Comparison of Midjourney v6.1 to v6 shows subtle improvements in image generation.

Midjourney v6.1's personalization model offers better nuance, surprise, and accuracy.

New Q mode in Midjourney v6.1 enhances textures at the potential cost of image coherence.

Upscaler in v6.1 is noted to have a subtle mode that maintains image quality better than the creative mode.

Midjourney v6.1 improves in-image text coherence, handling words within quotation marks more effectively.

Describe feature in Midjourney is rumored to be receiving an update.

Image reference feature in Midjourney v6.1 appears to be more detailed and accurate.

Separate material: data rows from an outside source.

lemma conv_of_nat:
  assumes "\<forall>j<0. f j = 0" "\<forall>j<0. g j = 0"
  shows "conv f g (int n) = (\<Sum>i\<le>n. f (int i) * g (int (n - i)))"
proof -
  have "conv f g (int n) = infsum (\<lambda>j. f j * g (int n - j)) (int ` {..n})"
    unfolding conv_def
  proof (rule infsum_cong_neutral)
    fix j assume "j \<in> UNIV - int ` {..n}"
    then have "j < 0 \<or> j > int n"
      by (metis DiffD2 atMost_iff image_eqI int_nat_eq linorder_not_less nat_le_iff)
    then show "f j * g (int n - j) = 0" using assms by auto
  qed auto
  also have "\<dots> = (\<Sum>j\<in>int ` {..n}. f j * g (int n - j))"
    by simp
  also have "\<dots> = (\<Sum>i\<le>n. f (int i) * g (int (n - i)))"
    by (subst sum.reindex) (auto simp: of_nat_diff)
  finally show ?thesis .
qed

lemma Cauchy_product_sums_nonneg:
  fixes a b :: "nat \<Rightarrow> real"
  assumes "\<And>n. 0 \<le> a n" "\<And>n. 0 \<le> b n" "a sums A" "b sums B"
  shows "(\<lambda>k. \<Sum>i\<le>k. a i * b (k - i)) sums (A * B)"
proof -
  have "summable (\<lambda>k. norm (a k))" "summable (\<lambda>k. norm (b k))"
    using assms by (auto simp: sums_iff)
  from Cauchy_product_sums[OF this] show ?thesis
    using assms by (simp add: sums_iff)
qed

lemma has_moments_conv:
  assumes f: "has_moments f c1 m1 s1" and g: "has_moments g c2 m2 s2"
  shows "has_moments (conv f g) (c1 * c2) (m1 * c2 + c1 * m2) (s1 * c2 + 2 * m1 * m2 + c1 * s2)"
proof -
  define F where "F = (\<lambda>n. f (int n))"
  define G where "G = (\<lambda>n. g (int n))"
  have f_causal: "\<forall>j<0. f j = 0" and g_causal: "\<forall>j<0. g j = 0"
    using f g by (auto simp: has_moments_def)
  have F: "\<And>n. 0 \<le> F n" "F sums c1" "(\<lambda>n. real n * F n) sums m1" "(\<lambda>n. (real n)\<^sup>2 * F n) sums s1"
    using f by (auto simp: has_moments_def F_def)
  have G: "\<And>n. 0 \<le> G n" "G sums c2" "(\<lambda>n. real n * G n) sums m2" "(\<lambda>n. (real n)\<^sup>2 * G n) sums s2"
    using g by (auto simp: has_moments_def G_def)
  have conv_eq: "conv f g (int k) = (\<Sum>i\<le>k. F i * G (k - i))" for k
    using conv_of_nat[OF f_causal g_causal] by (simp add: F_def G_def)
  \<comment> \<open>Split the weights as k = i + (k - i) inside the Cauchy product.\<close>
  have mean: "real k * conv f g (int k) =
      (\<Sum>i\<le>k. (real i * F i) * G (k - i)) + (\<Sum>i\<le>k. F i * (real (k - i) * G (k - i)))" for k
    unfolding conv_eq sum_distrib_left sum.distrib[symmetric]
    by (rule sum.cong) (auto simp: of_nat_diff algebra_simps)
  have square: "(real k)\<^sup>2 * conv f g (int k) =
      (\<Sum>i\<le>k. ((real i)\<^sup>2 * F i) * G (k - i))
      + 2 * (\<Sum>i\<le>k. (real i * F i) * (real (k - i) * G (k - i)))
      + (\<Sum>i\<le>k. F i * ((real (k - i))\<^sup>2 * G (k - i)))" for k
    unfolding conv_eq sum_distrib_left sum.distrib[symmetric]
    by (rule sum.cong) (auto simp: of_nat_diff algebra_simps power2_eq_square)
  have "(\<lambda>k. conv f g (int k)) sums (c1 * c2)"
    unfolding conv_eq by (intro Cauchy_product_sums_nonneg F G)
  moreover have "(\<lambda>k. real k * conv f g (int k)) sums (m1 * c2 + c1 * m2)"
    unfolding mean by (intro sums_add Cauchy_product_sums_nonneg F G) (simp_all add: F(1) G(1))
  moreover have "(\<lambda>k. (real k)\<^sup>2 * conv f g (int k)) sums (s1 * c2 + 2 * m1 * m2 + c1 * s2)"
    unfolding square mult.assoc[of 2 m1]
    by (intro sums_add sums_mult Cauchy_product_sums_nonneg F G) (simp_all add: F(1) G(1))
  moreover have "0 \<le> conv f g j" for j
  proof (cases "j < 0")
    case True
    then show ?thesis using conv_eq_0_if_neg[OF f_causal g_causal] by simp
  next
    case False
    then obtain n where "j = int n" by (metis nonneg_int_cases not_less)
    then show ?thesis using F(1) G(1) by (simp add: conv_eq sum_nonneg)
  qed
  ultimately show ?thesis
    unfolding has_moments_def using conv_eq_0_if_neg[OF f_causal g_causal] by auto
qed

lemma variance_of_moments_scaled:
  "c \<noteq> 0 \<Longrightarrow> variance_of_moments c (c * m) (c * s) = s - m\<^sup>2"
  by (simp add: variance_of_moments_def)

lemma has_moments_conv_variance:
  assumes "has_moments f c1 m1 s1" "has_moments g c2 m2 s2" "c1 \<noteq> 0" "c2 \<noteq> 0"
  obtains m s where "has_moments (conv f g) (c1 * c2) m s"
    and "variance_of_moments (c1 * c2) m s = variance_of_moments c1 m1 s1 + variance_of_moments c2 m2 s2"
proof
  show "has_moments (conv f g) (c1 * c2) (m1 * c2 + c1 * m2) (s1 * c2 + 2 * m1 * m2 + c1 * s2)"
    using has_moments_conv[OF assms(1,2)] .
  show "variance_of_moments (c1 * c2) (m1 * c2 + c1 * m2) (s1 * c2 + 2 * m1 * m2 + c1 * s2) =
      variance_of_moments c1 m1 s1 + variance_of_moments c2 m2 s2"
    using assms(3,4) by (simp add: variance_of_moments_def field_simps power2_eq_square)
qed

lemma has_moments_delta: "has_moments delta 1 0 0"
proof -
  have "(\<lambda>n. h (real n) * delta (int n)) sums (\<Sum>n\<in>{0}. h (real n) * delta (int n))" for h
    by (rule sums_finite) (auto simp: delta_def)
  from this[of "\<lambda>_. 1"] this[of "\<lambda>x. x"] this[of "\<lambda>x. x\<^sup>2"] show ?thesis
    unfolding has_moments_def by (auto simp: delta_def)
qed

Midjourney v7 is on the roadmap with enhancements in aesthetics, performance, and comprehension.

3D and video capabilities are expected in future Midjourney updates.

Storyteller tool by Midjourney might release this year.

Flux, an open-source text-to-image model by Black Forest Labs, positions itself as a Midjourney competitor.

Canva acquires Leonardo.AI, potentially impacting the future of AI imagery.

Leonardo.AI will continue to operate independently post-acquisition by Canva.

Canva's acquisition of Affinity Photo and Leonardo.AI could challenge Adobe's dominance.

Runway ML's Gen 3 pricing is not doubling; instead, they are introducing a faster and more affordable Turbo model.

Runway ML plans to roll out the Turbo model for image to video with significantly lower pricing.

Runway ML's response to user complaints about pricing shows they are listening to their community.